Urpmi, rpmdrake and automated dependency resolution
The specific of ROSA repositories (as well as of repositories of many other Linux-based systems) is that dependencies of some packages can be resolved in multiple ways - since sometimes there are several packages providing the same feature. For clarity, let's look at example.
We have a Tesseract OCR in our repositories which requires language-specific packs to work with certain languages. Tesseract currently supports more than 70 languages and for every language a separate data package exists in our repositories. But it is unlikely that user will need all these languages. For most users, it is enough to provide support for their native language. So then installing tesseract, we should somehow decide which language packs to install. To indicate that we have a choice, the following trick is performed on the package level: the tesseract package itself requires tesseract-language, and every package with language-specific data provides tesseract-language. When installing tesseract, urpmi (or Rpmdrake) detects that tesseract-language requirement can be resolved in multiple ways. In f this is the case, urpmi and Rpmdrake either ask user for the choice or perform selection automatically (if --auto or corresponding checkbox in Rpmdrake settings is specified).
By the way, in the recent versions automatic dependency selection in Rpmdrake is turned on by default.

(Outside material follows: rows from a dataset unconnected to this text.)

lemma card_proj_reps_filter:
  fixes P :: "(nat \<Rightarrow> 'a::{field,finite}) set"
  assumes reps: "proj_reps K P" and scale_inv: "\<And>c v. c \<noteq> 0 \<Longrightarrow> Q (scl c v) = Q v"
  shows "card {v \<in> Fn K - {0}. Q v} = card {p \<in> P. Q p} * (CARD('a) - 1)"
proof -
  have P_sub: "P \<subseteq> Fn K - {0}" and unique: "\<And>v. v \<in> Fn K - {0} \<Longrightarrow> \<exists>!p\<in>P. \<exists>c. v = scl c p"
    using reps by (auto simp: proj_reps_def)
  have scl_in: "scl c p \<in> Fn K - {0}" if "p \<in> P" "c \<noteq> 0" for p c
    using that P_sub by (auto simp: Fn_def scl_def fun_eq_iff)
  have "bij_betw (\<lambda>(p, c). scl c p) ({p \<in> P. Q p} \<times> (UNIV - {0})) {v \<in> Fn K - {0}. Q v}"
  proof (rule bij_betw_imageI)
    have "p = p' \<and> c = c'"
      if p: "p \<in> P" "c \<noteq> 0" and p': "p' \<in> P" "c' \<noteq> 0" and eq: "scl c p = scl c' p'"
      for p c p' c'
    proof -
      have "p' = p" using unique[OF scl_in[OF p]] p p' eq by metis
      moreover have "p \<noteq> 0" using p P_sub by blast
      then obtain i where "p i \<noteq> 0" by (auto simp: fun_eq_iff)
      ultimately show ?thesis using eq by (auto simp: scl_def fun_eq_iff)
    qed
    then show "inj_on (\<lambda>(p, c). scl c p) ({p \<in> P. Q p} \<times> (UNIV - {0}))"
      by (auto simp: inj_on_def)
    show "(\<lambda>(p, c). scl c p) ` ({p \<in> P. Q p} \<times> (UNIV - {0})) = {v \<in> Fn K - {0}. Q v}"
    proof (intro equalityI subsetI)
      fix v assume v: "v \<in> {v \<in> Fn K - {0}. Q v}"
      then obtain p c where "p \<in> P" "v = scl c p" using unique by blast
      moreover have "c \<noteq> 0" using v \<open>v = scl c p\<close> by (auto simp: scl_def fun_eq_iff)
      ultimately show "v \<in> (\<lambda>(p, c). scl c p) ` ({p \<in> P. Q p} \<times> (UNIV - {0}))"
        using v scale_inv by (auto intro!: image_eqI[where x = "(p, c)"])
    qed (use scl_in scale_inv in auto)
  qed
  then show ?thesis
    by (simp add: bij_betw_same_card[symmetric] card_cartesian_product card_Diff_singleton)
qed

lemma card_proj_reps:
  fixes P :: "(nat \<Rightarrow> 'a::{field,finite}) set"
  assumes "proj_reps K P"
  shows "card P * (CARD('a) - 1) = CARD('a) ^ K - 1"
proof -
  have "card {v \<in> Fn K - {0 :: nat \<Rightarrow> 'a}. True} = card {p \<in> P. True} * (CARD('a) - 1)"
    by (rule card_proj_reps_filter[OF assms]) simp
  then have "card (Fn K - {0 :: nat \<Rightarrow> 'a}) = card P * (CARD('a) - 1)"
    by (simp only: simp_thms Collect_mem_eq)
  then show ?thesis by (simp add: card_Diff_singleton card_Fn)
qed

So how does the automatic dependency resolution work?
Algorithms used to automatically resolve dependencies is hidden inside urpmi sources and not known to most users and even developers. Below we'll try to clarify this topic.
Previously, in most situations when choosing between several packages, urpmi just selected the first package that provides necessary requirement. It is often said that the choice is performed randomly, but this is not true. Before making a choice, urpmi ordered all packages according to their identifiers (used by urpmi itself) and then selected the one with the lowest identifier. However, there is no guarantee that the same packages have the same identifiers in different systems (since these identifiers are assigned when scanning metadata of repositories, and different users can have different repositories enabled). As a result, when using '--auto' option to install the same package in different systems, package requirements can be resolved in different ways. This is actually not a big problem; for example, if some package requires Java and works fine with both OpenJDK 6 and OpenJDK 7, then it will be all the same for user if urpmi selects OpenJDK 6 or 7. Nevertheless, we would like to have more unified behavior in different systems, and at the same time make this behavior smarter to avoid at least some issues caused by incorrect package "Provides" records (remember that maintainers can make mistakes from time to time, as well as automated dependency generator used by rpmbuild).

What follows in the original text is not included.